The pattern was examined by Live Science contributor Elizabeth Rayne, who extrapolated data from the Centers for Disease Control and Prevention (CDC) WONDER database, which logs public health records in the U.S. From 2010 to 2020, an average of 251,699 people died each January, well above the norm for other months, which can go as low as 218,102 in August or as high as 242,475 in December.
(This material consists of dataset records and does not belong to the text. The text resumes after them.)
lemma card_Aset':
  fixes X :: "'a::euclidean_space set"
  assumes "finite X" "on_sphere X"
  shows "card (Aset' X) = Suc (card (Aset X))"
proof -
  have "real DIM('a) \<notin> Aset X"
  proof
    assume "real DIM('a) \<in> Aset X"
    then obtain x y where "x \<in> X" "y \<in> X" "x \<noteq> y" "x \<bullet> y = real DIM('a)"
      unfolding Aset_def by auto
    then show False using on_sphere_inner_eq_dim_iff[OF assms(2)] by blast
  qed
  then show ?thesis using finite_Aset'[OF assms(1)] unfolding Aset'_def by simp
qed

definition inner_rel :: "'a::real_inner set \<Rightarrow> real \<Rightarrow> ('a \<times> 'a) set" where
  "inner_rel X \<alpha> = {(x, y). x \<in> X \<and> y \<in> X \<and> x \<bullet> y = \<alpha>}"

lemma kappa_eq_card_inner_rel: "kappa X \<alpha> = card (inner_rel X \<alpha>)"
  by (simp add: kappa_def inner_rel_def)

lemma finite_inner_rel: "finite X \<Longrightarrow> finite (inner_rel X \<alpha>)"
  by (rule finite_subset[of _ "X \<times> X"]) (auto simp: inner_rel_def)

lemma inner_rel_dim_eq_Id_on:
  fixes X :: "'a::euclidean_space set"
  assumes "on_sphere X"
  shows "inner_rel X (real DIM('a)) = Id_on X"
  using on_sphere_inner_eq_dim_iff[OF assms] by (auto simp: inner_rel_def Id_on_def)

lemma inner_rel_nonempty:
  fixes X :: "'a::euclidean_space set"
  assumes "X \<noteq> {}" "on_sphere X" "\<alpha> \<in> Aset' X"
  shows "inner_rel X \<alpha> \<noteq> {}"
  using assms inner_rel_dim_eq_Id_on[OF assms(2)]
  unfolding Aset'_def Aset_def by (auto simp: inner_rel_def)

lemma adj_inner_rel:
  "x \<in> X \<Longrightarrow> y \<in> X \<Longrightarrow> adj (inner_rel X \<alpha>) x y = (if x \<bullet> y = \<alpha> then 1 else 0)"
  by (simp add: adj_def inner_rel_def)

section \<open>The Q-polynomial association scheme\<close>

lemma card_two_step_paths:
  assumes "finite X"
  shows "real (card {z\<in>X. (x, z) \<in> R \<and> (z, y) \<in> S}) = matmul X (adj R) (adj S) x y"
proof -
  have "real (card {z\<in>X. (x, z) \<in> R \<and> (z, y) \<in> S})
      = (\<Sum>z\<in>X. if (x, z) \<in> R \<and> (z, y) \<in> S then 1 else 0)"
    using sum.inter_filter[OF assms, of "\<lambda>_. 1::real"] by simp
  also have "\<dots> = matmul X (adj R) (adj S) x y"
    unfolding matmul_def adj_def by (intro sum.cong) auto
  finally show ?thesis .
qed

lemma matmul_orthogonal_idempotent_combinations:
  fixes s :: nat
  assumes E: "\<forall>i\<le>s. \<forall>j\<le>s. \<forall>x\<in>X. \<forall>y\<in>X.
      matmul X (E i) (E j) x y = (if i = j then E i x y else 0)"
    and A: "\<forall>x\<in>X. \<forall>y\<in>X. A x y = (\<Sum>i\<le>s. a i * E i x y)"
    and B: "\<forall>x\<in>X. \<forall>y\<in>X. B x y = (\<Sum>i\<le>s. b i * E i x y)"
    and x: "x \<in> X" and y: "y \<in> X"
  shows "matmul X A B x y = (\<Sum>i\<le>s. a i * b i * E i x y)"
proof -
  have "matmul X A B x y = (\<Sum>z\<in>X. (\<Sum>i\<le>s. a i * E i x z) * (\<Sum>j\<le>s. b j * E j z y))"
    unfolding matmul_def using A B x y by (intro sum.cong) simp_all
  also have "\<dots> = (\<Sum>z\<in>X. \<Sum>i\<le>s. \<Sum>j\<le>s. a i * b j * (E i x z * E j z y))"
    by (intro sum.cong) (simp_all add: sum_product mult_ac)
  also have "\<dots> = (\<Sum>i\<le>s. \<Sum>j\<le>s. \<Sum>z\<in>X. a i * b j * (E i x z * E j z y))"
    by (subst sum.swap) (simp add: sum.swap[of _ X])
  also have "\<dots> = (\<Sum>i\<le>s. \<Sum>j\<le>s. a i * b j * matmul X (E i) (E j) x y)"
    by (simp add: matmul_def sum_distrib_left)
  also have "\<dots> = (\<Sum>i\<le>s. \<Sum>j\<le>s. if i = j then a i * b i * E i x y else 0)"
    using E x y by (intro sum.cong) simp_all
  also have "\<dots> = (\<Sum>i\<le>s. a i * b i * E i x y)"
    by (intro sum.cong refl) simp
  finally show ?thesis .
qed

lemma degree_one_poly_left_inverse:
  fixes p :: "'a::field poly"
  assumes "degree p = 1"
  obtains r where "degree r = 1" "\<forall>t. poly r (poly p t) = t"
proof -
  define a b where "a = coeff p 0" and "b = coeff p 1"
  have b: "b \<noteq> 0" unfolding b_def using assms leading_coeff_0_iff[of p] by auto
  have "poly p t = a + b * t" for t unfolding a_def b_def poly_altdef assms by simp
  then show ?thesis using b by (intro that[of "[:- a / b, 1 / b:]"]) (auto simp: field_simps)
qed

lemma card_Id_on: "card (Id_on X) = card X"
proof -
  have "Id_on X = (\<lambda>x. (x, x)) ` X" by (auto simp: Id_on_def)
  then show ?thesis by (simp add: card_image inj_on_def)
qed

locale predegree_projections =
  fixes X :: "'a::euclidean_space set" and s :: nat and q :: "nat \<Rightarrow> real poly"
  assumes finite: "finite X" and nonempty: "X \<noteq> {}" and sphere: "on_sphere X"
    and card_Aset: "card (Aset X) = s"
    and predegree: "predegree_polys X s q"
    and Fmat_eq: "\<And>i x y. i \<le> s \<Longrightarrow> x \<in> X \<Longrightarrow> y \<in> X \<Longrightarrow>
      Fmat X i x y = poly (q i) (x \<bullet> y) / real (card X)"
begin

definition weight :: "real \<Rightarrow> real" where
  "weight \<alpha> = real (kappa X \<alpha>) / real (card X) ^ 2"

lemma card_pos: "0 < real (card X)"
  using finite nonempty by (simp add: card_gt_0_iff)

lemma card_Aset'_eq: "card (Aset' X) = Suc s"
  using card_Aset'[OF finite sphere] card_Aset by simp

lemma dim_in_Aset': "real DIM('a) \<in> Aset' X"
  by (simp add: Aset'_def)

lemma weight_pos: "\<alpha> \<in> Aset' X \<Longrightarrow> 0 < weight \<alpha>"
proof -
  assume "\<alpha> \<in> Aset' X"
  then have "inner_rel X \<alpha> \<noteq> {}" by (rule inner_rel_nonempty[OF nonempty sphere])
  then have "0 < kappa X \<alpha>"
    using finite_inner_rel[OF finite] by (simp add: kappa_eq_card_inner_rel card_gt_0_iff)
  then show ?thesis using card_pos by (simp add: weight_def)
qed

lemma weight_dim: "weight (real DIM('a)) = 1 / real (card X)"
proof -
  have "kappa X (real DIM('a)) = card X"
    by (simp add: kappa_eq_card_inner_rel inner_rel_dim_eq_Id_on[OF sphere] card_Id_on)
  then show ?thesis using card_pos by (simp add: weight_def power2_eq_square)
qed

lemma degree_q: "k \<le> s \<Longrightarrow> degree (q k) = k"
  using predegree by (simp add: predegree_polys_def)

lemma pre_ip_eq_weighted_sum:
  "pre_ip X p r = (\<Sum>a\<in>Aset' X. weight a * poly p a * poly r a)"
  unfolding pre_ip_def weight_def sum_distrib_left by (intro sum.cong) simp_all

lemma q_orthogonal:
  "\<forall>k\<le>s. \<forall>h\<le>s. (\<Sum>a\<in>Aset' X. weight a * poly (q k) a * poly (q h) a) =
     (if k = h then poly (q k) (real DIM('a)) else 0)"
  using predegree unfolding predegree_polys_def pre_ip_eq_weighted_sum by blast

lemma q_nonzero: "k \<le> s \<Longrightarrow> q k \<noteq> 0"
proof
  assume "k \<le> s" "q k = 0"
  then have "k = 0" using degree_q[of k] by simp
  obtain x y where "x \<in> X" "y \<in> X" "Fmat X 0 x y \<noteq> 0"
    using Fmat_0_nonzero[OF finite nonempty] .
  then show False using Fmat_eq[of 0 x y] \<open>q k = 0\<close> \<open>k = 0\<close> by simp
qed

lemma q_nonzero_degree: "\<forall>k\<le>s. q k \<noteq> 0 \<and> degree (q k) = k"
  using q_nonzero degree_q by blast

lemma q_dim_nonzero: "k \<le> s \<Longrightarrow> poly (q k) (real DIM('a)) \<noteq> 0"
proof -
  assume k: "k \<le> s"
  have "0 < (\<Sum>a\<in>Aset' X. weight a * poly (q k) a * poly (q k) a)"
  proof (rule weighted_sum_poly_square_pos[OF finite_Aset'[OF finite] _ _ q_nonzero[OF k]])
    show "degree (q k) < card (Aset' X)" using degree_q[OF k] k card_Aset'_eq by simp
    show "\<forall>a\<in>Aset' X. 0 < weight a" using weight_pos by blast
  qed
  then show ?thesis using q_orthogonal k by simp
qed

lemma Fmat_sum_eq_Id:
  assumes "x \<in> X" "y \<in> X"
  shows "(\<Sum>i\<le>s. Fmat X i x y) = (if x = y then 1 else 0)"
proof -
  have "(\<Sum>i\<le>s. Fmat X i x y) = (\<Sum>i\<le>s. poly (q i) (x \<bullet> y) / real (card X))"
    using assms by (intro sum.cong) (simp_all add: Fmat_eq)
  also have "\<dots> = weight (real DIM('a)) * (\<Sum>i\<le>s. poly (q i) (x \<bullet> y))"
    by (simp add: weight_dim sum_divide_distrib)
  also have "\<dots> = (if x \<bullet> y = real DIM('a) then 1 else 0)"
    using q_dim_nonzero by (intro orthogonal_polys_indicator_at_norm_point[OF finite_Aset'[OF finite]
        card_Aset'_eq dim_in_Aset' q_nonzero_degree _ q_orthogonal inner_in_Aset'[OF sphere assms],
        symmetric]) blast
  finally show ?thesis using on_sphere_inner_eq_dim_iff[OF sphere assms] by simp
qed

lemma adj_in_span_Fmat:
  assumes "\<alpha> \<in> Aset' X"
  obtains c where "\<forall>x\<in>X. \<forall>y\<in>X. adj (inner_rel X \<alpha>) x y = (\<Sum>i\<le>s. c i * Fmat X i x y)"
proof -
  obtain c where c: "\<forall>b\<in>Aset' X. (if b = \<alpha> then 1 else 0) = (\<Sum>i\<le>s. c i * poly (q i) b)"
    using point_indicator_expansion[OF finite_Aset'[OF finite] card_Aset'_eq assms q_nonzero_degree] .
  have "adj (inner_rel X \<alpha>) x y = (\<Sum>i\<le>s. (real (card X) * c i) * Fmat X i x y)"
    if xy: "x \<in> X" "y \<in> X" for x y
  proof -
    have "adj (inner_rel X \<alpha>) x y = (if x \<bullet> y = \<alpha> then 1 else 0)"
      by (rule adj_inner_rel[OF xy])
    also have "\<dots> = (\<Sum>i\<le>s. c i * poly (q i) (x \<bullet> y))"
      by (rule c[rule_format, OF inner_in_Aset'[OF sphere xy]])
    also have "\<dots> = (\<Sum>i\<le>s. (real (card X) * c i) * Fmat X i x y)"
      using xy card_pos by (intro sum.cong) (simp_all add: Fmat_eq)
    finally show ?thesis .
  qed
  then show ?thesis by (intro that[of "\<lambda>i. real (card X) * c i"]) blast
qed

lemma Fmat_in_span_adj:
  assumes "i \<le> s" "x \<in> X" "y \<in> X"
  shows "Fmat X i x y = (\<Sum>\<alpha>\<in>Aset' X. (poly (q i) \<alpha> / real (card X)) * adj (inner_rel X \<alpha>) x y)"
proof -
  have "(\<Sum>\<alpha>\<in>Aset' X. (poly (q i) \<alpha> / real (card X)) * adj (inner_rel X \<alpha>) x y)
      = (\<Sum>\<alpha>\<in>Aset' X. if x \<bullet> y = \<alpha> then poly (q i) \<alpha> / real (card X) else 0)"
    by (intro sum.cong) (simp_all add: adj_inner_rel[OF assms(2,3)])
  also have "\<dots> = poly (q i) (x \<bullet> y) / real (card X)"
    using inner_in_Aset'[OF sphere assms(2,3)] finite_Aset'[OF finite] by simp
  finally show ?thesis using Fmat_eq[OF assms] by simp
qed

lemma intersection_numbers:
  assumes "\<alpha> \<in> Aset' X" "\<beta> \<in> Aset' X"
  shows "\<exists>p::nat. \<forall>(x, y)\<in>inner_rel X \<gamma>.
    card {z\<in>X. (x, z) \<in> inner_rel X \<alpha> \<and> (z, y) \<in> inner_rel X \<beta>} = p"
proof -
  obtain a where a: "\<forall>x\<in>X. \<forall>y\<in>X. adj (inner_rel X \<alpha>) x y = (\<Sum>i\<le>s. a i * Fmat X i x y)"
    using adj_in_span_Fmat[OF assms(1)] .
  obtain b where b: "\<forall>x\<in>X. \<forall>y\<in>X. adj (inner_rel X \<beta>) x y = (\<Sum>i\<le>s. b i * Fmat X i x y)"
    using adj_in_span_Fmat[OF assms(2)] .
  have F: "\<forall>i\<le>s. \<forall>j\<le>s. \<forall>x\<in>X. \<forall>y\<in>X.
      matmul X (Fmat X i) (Fmat X j) x y = (if i = j then Fmat X i x y else 0)"
    using Fmat_mult[OF finite nonempty] by blast
  define V where "V = (\<Sum>i\<le>s. a i * b i * (poly (q i) \<gamma> / real (card X)))"
  have "real (card {z\<in>X. (x, z) \<in> inner_rel X \<alpha> \<and> (z, y) \<in> inner_rel X \<beta>}) = V"
    if "(x, y) \<in> inner_rel X \<gamma>" for x y
  proof -
    have xy: "x \<in> X" "y \<in> X" "x \<bullet> y = \<gamma>" using that by (auto simp: inner_rel_def)
    have "real (card {z\<in>X. (x, z) \<in> inner_rel X \<alpha> \<and> (z, y) \<in> inner_rel X \<beta>})
        = (\<Sum>i\<le>s. a i * b i * Fmat X i x y)"
      unfolding card_two_step_paths[OF finite]
      by (rule matmul_orthogonal_idempotent_combinations[OF F a b xy(1,2)])
    also have "\<dots> = V"
      unfolding V_def using xy by (intro sum.cong) (simp_all add: Fmat_eq)
    finally show ?thesis .
  qed
  then have "\<forall>(x, y)\<in>inner_rel X \<gamma>.
      card {z\<in>X. (x, z) \<in> inner_rel X \<alpha> \<and> (z, y) \<in> inner_rel X \<beta>} = nat \<lfloor>V\<rfloor>"
    by (metis (mono_tags, lifting) case_prodI2 floor_of_nat nat_int)
  then show ?thesis by blast
qed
There are a number of factors that could be boosting the count, though not all of them are fully understood. One explanation is that symptoms of heart disease, which is already the leading cause of death in the U.S., can become more pronounced in cold weather, as the heart works harder to keep bodies warm. (Consumption of salty, sweet, celebratory foods doesn’t help, either.) Another is that respiratory viruses can more easily circulate when people are huddled indoors. Some deaths may also be attributable to carbon monoxide poisoning from space heaters and other heating sources.

While the emergence of COVID-19 certainly hasn’t helped those numbers, the trend was there even before the virus began to circulate in late 2019.

In 2015, sociology professor David Phillips told The Washington Post that his own examination of the WONDER data found that New Year’s Day was the deadliest on the calendar. One hypothesis is that medical personnel are on vacation, limiting staff and possibly keeping the best doctors out of hospitals when crises arise. People experiencing medical issues may also delay treatment until after the holidays. In some cases, the procrastination may prove fatal. Whatever the case, it pays to be a little more careful around the new year.